Acquiring Bank: The acquiring bank is the bank that processes the payment. The main function of the Payment Gateway is to validate financial credentials and transfer them to Acquiring Bank. This is the bank that processes card payments on behalf of the merchant.
PSP (Payment Service Provider): The PSP is a third-party service that provides the merchant with the ability to accept payments. It is responsible for the technical infrastructure and security of the payment system. PSP usually offers services such as fraud protection, tokenization, and PCI DSS compliance. PSPs can also be the acquiring bank but not necessarily.
Issuer Bank: The issuer bank is the bank that issued the credit card to the user. It is responsible for authorizing the payment request and transferring the money from the user's account to the merchant's account. The Acquiring Bank captures the transaction information, performs basic validation and routes the requests along the the appropriate card networks the the cardholder's Issuer Bank for approval. The Issuer Bank checks the user's account for sufficient funds and standing, and then sends a response back to the Acquiring Bank.

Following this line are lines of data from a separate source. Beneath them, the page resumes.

lemma (in lie) tbr_tcls:
  assumes alg: "k_algebra sa" and f: "finite (fsupp f)" and g: "finite (fsupp g)"
  shows "tbr sg sa br (tcls sg sa f) (tcls sg sa g) = tcls sg sa (fbr br f g)"
proof -
  define f' where "f' = trep (tcls sg sa f)"
  define g' where "g' = trep (tcls sg sa g)"
  have rf: "f' - f \<in> tensor_R sg sa" and rg: "g' - g \<in> tensor_R sg sa"
    unfolding f'_def g'_def by (rule trep_tcls)+
  have f': "finite (fsupp f')" and g': "finite (fsupp g')"
    using finite_fsupp_add[OF finite_fsupp_tensor_R[OF rf] f] finite_fsupp_add[OF finite_fsupp_tensor_R[OF rg] g]
    by simp_all
  have "fbr br f' g' - fbr br f g = fbr br (f' - f) g' + fbr br f (g' - g)"
    by (simp add: fbr_diff_left[OF f' f g'] fbr_diff_right[OF g' g f])
  also have "\<dots> \<in> tensor_R sg sa"
    by (intro tensor_R_add fbr_tensor_R_left[where br=br, OF br_add_left br_scale_left alg rf g']
        fbr_tensor_R_right[where br=br, OF br_add_right br_scale_right alg rg f])
  finally show ?thesis
    unfolding tbr_def f'_def g'_def by (rule tcls_eq)
qed

text \<open>The formal counterpart of T \<otimes> id.\<close>
definition fmap_fst :: "('b \<Rightarrow> 'c) \<Rightarrow> ('b \<times> 'a \<Rightarrow> 'k::field) \<Rightarrow> ('c \<times> 'a \<Rightarrow> 'k)" where
  "fmap_fst T f = (\<Sum>q\<in>fsupp f. fscale (f q) (delta (T (fst q), snd q)))"

lemma finite_fsupp_fmap_fst: "finite (fsupp (fmap_fst T f))"
  unfolding fmap_fst_def by (intro finite_fsupp_sum finite_fsupp_fscale) simp

lemma fmap_fst_id: "finite (fsupp f) \<Longrightarrow> fmap_fst (\<lambda>v. v) f = f"
  unfolding fmap_fst_def using fsupp_expansion[of f] by simp

lemma fbr_delta_right:
  "fbr br f (delta (z, 1)) = fmap_fst (\<lambda>v. br v z) (f :: 'g \<times> 'a::comm_ring_1 \<Rightarrow> 'k::field)"
  unfolding fbr_def fmap_fst_def fsupp_delta by (simp add: delta_def fscale_def)

lemma fbr_delta_left_fmap_fst:
  fixes f :: "'g \<times> 'a::comm_ring_1 \<Rightarrow> 'k::field"
  assumes "finite (fsupp f)"
  shows "fbr br (delta (y, 1)) (fmap_fst T f) = fmap_fst (\<lambda>v. br y (T v)) f"
  unfolding fmap_fst_def using assms by (simp add: fbr_sum_right fbr_delta_delta)

lemma fmap_fst_add:
  "fmap_fst (\<lambda>v. T v + S v) f - (fmap_fst T f + fmap_fst S f) \<in> tensor_R sg sa"
proof -
  have "fmap_fst (\<lambda>v. T v + S v) f - (fmap_fst T f + fmap_fst S f) =
      (\<Sum>q\<in>fsupp f. fscale (f q) (delta (T (fst q) + S (fst q), snd q)
        - delta (T (fst q), snd q) - delta (S (fst q), snd q)))"
    unfolding fmap_fst_def
    by (simp add: sum.distrib[symmetric] sum_subtractf[symmetric] formal.scale_right_diff_distrib
        diff_diff_add formal.scale_right_distrib)
  also have "\<dots> \<in> tensor_R sg sa"
    by (intro tensor_R_sum tensor_R_scale subsetD[OF tensor_rels_subset_R] tensor_rels_add_left)
  finally show ?thesis .
qed

lemma fmap_fst_scale:
  "fmap_fst (\<lambda>v. sg c (T v)) f - fscale c (fmap_fst T f) \<in> tensor_R sg sa"
proof -
  have "fmap_fst (\<lambda>v. sg c (T v)) f - fscale c (fmap_fst T f) =
      (\<Sum>q\<in>fsupp f. fscale (f q) (delta (sg c (T (fst q)), snd q) - fscale c (delta (T (fst q), snd q))))"
    unfolding fmap_fst_def
    by (simp add: formal.scale_sum_right sum_subtractf[symmetric] formal.scale_right_diff_distrib
        mult.commute)
  also have "\<dots> \<in> tensor_R sg sa"
    by (intro tensor_R_sum tensor_R_scale subsetD[OF tensor_rels_subset_R] tensor_rels_scale_left)
  finally show ?thesis .
qed

context lie
begin

lemma mult_ideal_maps_lie_Z_into_ideal:
  assumes alg: "k_algebra sa"
    and ideal: "lie_ideal (tensor_carrier sg sa) (tadd sg sa) (tsc sg sa) (tbr sg sa br) (tzero sg sa) I"
    and f: "finite (fsupp f)"
    and Z: "tcls sg sa f \<in> lie_Z (tensor_carrier sg sa) (tbr sg sa br) I"
    and T: "T \<in> mult_ideal"
  shows "tcls sg sa (fmap_fst T f) \<in> I"
  using T
proof induction
  case (right_mult z)
  have "tcls sg sa (fmap_fst (\<lambda>v. br v z) f) = tbr sg sa br (tcls sg sa f) (tcls sg sa (delta (z, 1)))"
    by (simp add: tbr_tcls[OF alg f] fbr_delta_right)
  then show ?case
    using Z tcls_in_tensor_carrier[of "delta (z, 1)" sg sa] unfolding lie_Z_def by simp
next
  case (left_mult T y)
  have "tcls sg sa (fmap_fst (\<lambda>v. br y (T v)) f)
      = tbr sg sa br (tcls sg sa (delta (y, 1))) (tcls sg sa (fmap_fst T f))"
    by (simp add: tbr_tcls[OF alg] finite_fsupp_fmap_fst fbr_delta_left_fmap_fst[OF f])
  then show ?case
    using lie_idealD(5)[OF ideal left_mult.IH tcls_in_tensor_carrier] by simp
next
  case (add T S)
  have "tcls sg sa (fmap_fst (\<lambda>v. T v + S v) f) = tadd sg sa (tcls sg sa (fmap_fst T f)) (tcls sg sa (fmap_fst S f))"
    unfolding tadd_tcls by (rule tcls_eq[OF fmap_fst_add])
  then show ?case
    using lie_idealD(2)[OF ideal add.IH] by simp
next
  case (scale T c)
  have "tcls sg sa (fmap_fst (\<lambda>v. sg c (T v)) f) = tsc sg sa c (tcls sg sa (fmap_fst T f))"
    unfolding tsc_tcls by (rule tcls_eq[OF fmap_fst_scale])
  then show ?case
    using lie_idealD(3)[OF ideal scale.IH] by simp
qed

lemma closed_ideal_if_id_in_mult_ideal:
  assumes id: "(\<lambda>v. v) \<in> mult_ideal"
    and alg: "k_algebra sa"
    and ideal: "lie_ideal (tensor_carrier sg sa) (tadd sg sa) (tsc sg sa) (tbr sg sa br) (tzero sg sa) I"
  shows "closed_ideal (tensor_carrier sg sa) (tbr sg sa br) I"
  unfolding closed_ideal_def
proof
  show "lie_Z (tensor_carrier sg sa) (tbr sg sa br) I \<subseteq> I"
  proof
    fix x assume x: "x \<in> lie_Z (tensor_carrier sg sa) (tbr sg sa br) I"
    then obtain f where f: "x = tcls sg sa f" "finite (fsupp f)"
      unfolding lie_Z_def tensor_carrier_def by blast
    with x have "tcls sg sa (fmap_fst (\<lambda>v. v) f) \<in> I"
      using mult_ideal_maps_lie_Z_into_ideal[OF alg ideal f(2) _ id] by simp
    with f show "x \<in> I" by (simp add: fmap_fst_id)
  qed
  show "I \<subseteq> lie_Z (tensor_carrier sg sa) (tbr sg sa br) I"
    using lie_idealD(1,4)[OF ideal] unfolding lie_Z_def by blast
qed

end

theorem corollary4p4:
  fixes sg :: "'k::field \<Rightarrow> 'g::ab_group_add \<Rightarrow> 'g"
    and br :: "'g \<Rightarrow> 'g \<Rightarrow> 'g"
    and sa :: "'k \<Rightarrow> 'a::comm_ring_1 \<Rightarrow> 'a"
    and I :: "('g \<times> 'a \<Rightarrow> 'k) set set"
  assumes char: "(2::'k) \<noteq> 0"
    and lie: "lie_algebra sg br"
    and fd: "finite_dim sg"
    and cs: "central_simple_lie sg br"
    and alg: "k_algebra sa"
    and ideal: "lie_ideal (tensor_carrier sg sa) (tadd sg sa) (tsc sg sa) (tbr sg sa br) (tzero sg sa) I"
  shows "closed_ideal (tensor_carrier sg sa) (tbr sg sa br) I"
proof -
  interpret central_simple sg br
    by unfold_locales (fact lie cs)+
  show ?thesis
    by (rule closed_ideal_if_id_in_mult_ideal[OF id_in_mult_ideal[OF fd] alg ideal])
qed

end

After that processes, the transaction follows the same route back to the Payment Gateway and then to the Client.

Payment System

High-level design of a payment system

Establish the Goals

Before we start designing the system, we need to establish the requirements of the system and define what we want to achieve. We need to clarify the functional needs, the scope of the system, and the non-functional requirements.

What payment system are we building?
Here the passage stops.